Large token-indexed lookup tables provide a compute-decoupled scaling path, but their practical gains are often limited by poor parameter efficiency and rapid memory growth. We attribute these limitations to Zipfian under-training of the long tail, heterogeneous demand across layers, and "slot collapse" that produces redundant embeddings. To address this, we propose X-GRAM, a frequency-aware dynamic token-injection framework. X-GRAM employs hybrid hashing and alias mixing to compress the tail while preserving head capacity, and refines retrieved vectors via normalized SwiGLU ShortConv to extract diverse local n-gram features. These signals are integrated into attention value streams and inter-layer residuals using depth-aware gating, effectively aligning static memory with dynamic context. This design introduces a memory-centric scaling axis that decouples model capacity from FLOPs. Extensive evaluations at the 0.73B and 1.15B scales show that X-GRAM improves average accuracy by as much as 4.4 points over the vanilla backbone and 3.2 points over strong retrieval baselines, while using substantially smaller tables in the 50% configuration. Overall, by decoupling capacity from compute through efficient memory management, X-GRAM offers a scalable and practical paradigm for future memory-augmented architectures. Code aviliable in https://github.com/Longyichen/X-gram.

Editorial analysis

A structured set of objections, weighed in public.

Desk editor's note, referee report, simulated authors' rebuttal, and a circularity audit. Tearing a paper down is the easy half of reading it; the pith above is the substance, this is the friction.

Desk Editor's Note private letter to a colleague

X-GRAM offers a concrete set of tricks for shrinking embedding tables while claiming accuracy lifts, but the gains cannot be attributed to the method without matched training controls.

read the letter

X-GRAM tries to make large embedding tables more efficient by handling the long tail with frequency-aware injection, hybrid hashing plus alias mixing for compression, and a normalized SwiGLU ShortConv to pull local features that get gated by depth into the model. The abstract positions this as a memory-centric scaling path that keeps compute flat while cutting table size in half at 0.73B and 1.15B scales, with reported lifts of 4.4 points over vanilla backbones and 3.2 over retrieval baselines.

Referee Report

2 major / 1 minor

Summary. The paper proposes X-GRAM, a frequency-aware dynamic token-injection framework that uses hybrid hashing and alias mixing to compress the long tail of Zipfian distributions while preserving head capacity, refines retrieved vectors with normalized SwiGLU ShortConv for local n-gram features, and integrates them via depth-aware gating into attention and residuals. It claims this decouples model capacity from FLOPs and yields up to 4.4-point average accuracy gains over vanilla backbones and 3.2 points over retrieval baselines at 0.73B and 1.15B scales, even in a 50% table-size configuration.

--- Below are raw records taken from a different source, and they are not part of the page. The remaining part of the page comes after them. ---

(* As $\lambda\to0$ with $\lambda\in\overline{\mathbb C^+}\setminus\{0\}$, $\Gamma(\lambda)^{-1}$ stays bounded if and only if $S\tilde DS$ is non-singular on $S\mathbb C^N$. In this case $$\Gamma(\lambda)^{-1}=[S\tilde DS]^{-1}+O(|g(\lambda)|^{-1})\qquad(\lambda\to0),$$ where $[S\tilde DS]^{-1}$ is the inverse on $S\mathbb C^N$ extended by $0$ on $P\mathbb C^N$, and there exist $\lambda_0>0$ and constants $C_\ell$ such that for all entries, all $\ell=0,1,2,\dots$ and $0<\lambda<\lambda_0$: $\big|\partial_\lambda^\ell[\Gamma(\lambda)^{-1}]_{jk}\big|\le C_\ell\lambda^{-\ell}$.
   Context: Fix $N\ge1$, distinct points $y_1,\dots,y_N\in\mathbb R^2$, $\alpha\in\mathbb R^N$. For $\lambda\in\overline{\mathbb C^+}\setminus\{0\}$: $\mathcal G_\lambda(x)=\frac i4H_0^{(1)}(\lambda|x|)$, $g(\lambda)=-\frac1{2\pi}\log(\lambda/2)+\frac i4-\frac{\gamma}{2\pi}$ ($\gamma$ Euler's constant, principal logarithm), $\Gamma(\lambda)$ the $N\times N$ matrix with $\Gamma(\lambda)_{jj}=\alpha_j-g(\lambda)$, $\Gamma(\lambda)_{jk}=-\mathcal G_\lambda(y_j-y_k)$ ($j\ne k$). $P$ is the orthogonal projection onto $\mathbb C(1,\dots,1)^t$, $S=I-P$; $\tilde D$ the real symmetric matrix with $\tilde D_{jj}=\alpha_j$, $\tilde D_{jk}=\frac1{2\pi}\log|y_j-y_k|$ ($j\ne k$). $O(h(\lambda))$ denotes a matrix whose norm is bounded by $C|h(\lambda)|$ for small $|\lambda|$. *)

theory Defs
  imports "HOL-Analysis.Analysis"
begin

definition besselJ0 :: "complex \<Rightarrow> complex" where
  "besselJ0 z = (\<Sum>m. (-1)^m * (z/2)^(2*m) / (of_nat (fact m))^2)"

definition besselY0 :: "complex \<Rightarrow> complex" where
  "besselY0 z = (2 / of_real pi) * ((Ln (z/2) + euler_mascheroni) * besselJ0 z
      + (\<Sum>m. (-1)^(m+1) * harm m * (z/2)^(2*m) / (of_nat (fact m))^2))"

definition hankel10 :: "complex \<Rightarrow> complex" where
  "hankel10 z = besselJ0 z + \<i> * besselY0 z"

definition greenG :: "complex \<Rightarrow> real^2 \<Rightarrow> complex" where
  "greenG lam x = (\<i>/4) * hankel10 (lam * of_real (norm x))"

definition gfun :: "complex \<Rightarrow> complex" where
  "gfun lam = - (1/(2 * of_real pi)) * Ln (lam/2) + \<i>/4 - euler_mascheroni/(2 * of_real pi)"

definition GammaM :: "('n::finite \<Rightarrow> real^2) \<Rightarrow> ('n \<Rightarrow> real) \<Rightarrow> complex \<Rightarrow> complex^'n^'n" where
  "GammaM y \<alpha> lam = (\<chi> j k. if j = k then of_real (\<alpha> j) - gfun lam
                               else - greenG lam (y j - y k))"

definition Pm :: "complex^'n::finite^'n" where
  "Pm = (\<chi> j k. 1 / of_nat CARD('n))"

definition Sm :: "complex^'n::finite^'n" where
  "Sm = mat 1 - Pm"

definition Dtilde :: "('n::finite \<Rightarrow> real^2) \<Rightarrow> ('n \<Rightarrow> real) \<Rightarrow> complex^'n^'n" where
  "Dtilde y \<alpha> = (\<chi> j k. if j = k then of_real (\<alpha> j)
                          else of_real (ln (dist (y j) (y k)) / (2*pi)))"

definition nonsing_on_S :: "complex^'n::finite^'n \<Rightarrow> bool" where
  "nonsing_on_S A \<longleftrightarrow> (\<forall>v. Sm *v v = v \<longrightarrow> A *v v = 0 \<longrightarrow> v = 0)"

text \<open>[A]^{-1}: inverse of A on S C^N, extended by 0 on P C^N (A = S D S).\<close>
definition inv_on_S :: "complex^'n::finite^'n \<Rightarrow> complex^'n^'n" where
  "inv_on_S A = (THE M. Sm ** M = M \<and> M ** Pm = 0 \<and> M ** A = Sm)"

definition rderiv :: "(real \<Rightarrow> complex) \<Rightarrow> real \<Rightarrow> complex" where
  "rderiv f t = vector_derivative f (at t)"

definition cuhp0 :: "complex set" where
  "cuhp0 = {z. Im z \<ge> 0 \<and> z \<noteq> 0}"

end

theory Submission
  imports Defs "HOL-Complex_Analysis.Complex_Analysis" "HOL-Real_Asymp.Real_Asymp"
begin

text \<open>
  Near \<open>\<lambda> = 0\<close> the matrix has the form \<open>\<Gamma>(\<lambda>) = D + E(\<lambda>) - N g(\<lambda>) P\<close> with
  \<open>D\<close> the matrix \<open>Dtilde\<close>, where the remainder \<open>E(\<lambda>)\<close> collects the \<open>O(\<lambda>\<^sup>2 log \<lambda>)\<close> terms of the Bessel
  series of the Green's function; thus \<open>c = N g(\<lambda>) \<rightarrow> \<infinity>\<close> while \<open>|E(\<lambda>)| = o(1/|g(\<lambda>)|)\<close>.
  If \<open>S D S\<close> is invertible on \<open>S \<complex>\<^sup>N\<close> with inverse \<open>Q\<close>, then \<open>Q - (P - P D Q)/c\<close> inverts
  \<open>D + E - c P\<close> up to an error \<open>O(1/|c|)\<close>, and a Neumann series gives
  \<open>\<Gamma>(\<lambda>)\<^sup>-\<^sup>1 = Q + O(1/|g(\<lambda>)|)\<close>. Conversely, a kernel vector \<open>v\<close> of \<open>S D S\<close> gives the
  almost-kernel vector \<open>v + P D v / c\<close> of \<open>\<Gamma>(\<lambda>)\<close>, so \<open>\<Gamma>(\<lambda>)\<^sup>-\<^sup>1\<close> is unbounded. The
  derivative bounds follow from Cauchy's inequality on the discs of radius \<open>\<lambda>/2\<close> around
  \<open>\<lambda> > 0\<close>, on which \<open>\<Gamma>(\<lambda>)\<^sup>-\<^sup>1\<close> is holomorphic and bounded.
\<close>

lemma matrix_add_rdistrib: "((A::'a::ring_1^'n::finite^'m::finite) + B) ** C = A ** C + B ** C"
  by (vector matrix_matrix_mult_def sum.distrib[symmetric] algebra_simps)

lemma matrix_diff_rdistrib: "((A::'a::ring_1^'n::finite^'m::finite) - B) ** C = A ** C - B ** C"
  by (vector matrix_matrix_mult_def sum_subtractf[symmetric] algebra_simps)

lemma matrix_diff_ldistrib: "(A::'a::ring_1^'n::finite^'m::finite) ** (B - C) = A ** B - A ** C"
  by (vector matrix_matrix_mult_def sum_subtractf[symmetric] algebra_simps)

definition mat_scale :: "complex \<Rightarrow> complex^'n::finite^'m::finite \<Rightarrow> complex^'n^'m" where
  "mat_scale c A = map_matrix ((*) c) A"

lemma mat_scale_mult_left: "mat_scale c A ** B = mat_scale c (A ** B)"
  by (simp add: mat_scale_def vec_eq_iff matrix_matrix_mult_def sum_distrib_left mult.assoc)

lemma mat_scale_mult_right: "A ** mat_scale c B = mat_scale c (A ** B)"
  by (simp add: mat_scale_def vec_eq_iff matrix_matrix_mult_def sum_distrib_left mult_ac)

Significance. If the accuracy gains are shown to be attributable to the proposed mechanisms under matched training and evaluation conditions, the work would be significant for introducing a memory-centric scaling axis that addresses under-training of rare tokens and slot collapse without increasing FLOPs. The public code link is a strength for potential reproducibility.

major comments (2)

[Abstract] Abstract: The central empirical claims (4.4-point gain over vanilla backbone, 3.2-point gain over retrieval baselines, and effective 50% table compression) are presented without any information on datasets, number of runs, statistical significance, ablation studies, or confirmation that training data, optimizer (LR, schedule, steps, batch size), and evaluation protocols were identical across X-GRAM and all baselines. This is load-bearing for attributing observed deltas to hybrid hashing, alias mixing, normalized SwiGLU ShortConv, and depth-aware gating rather than uncontrolled experimental differences.
[Abstract] Abstract: The 50% table-size configuration is described as achieving the reported gains, but it is unclear whether this ratio is an output of the X-GRAM design or an arbitrary fixed choice; no derivation or sensitivity analysis ties the compression factor to the frequency-aware mechanisms.

minor comments (1)

[Abstract] Abstract: Typo in the final sentence: 'Code aviliable' should be 'Code available'.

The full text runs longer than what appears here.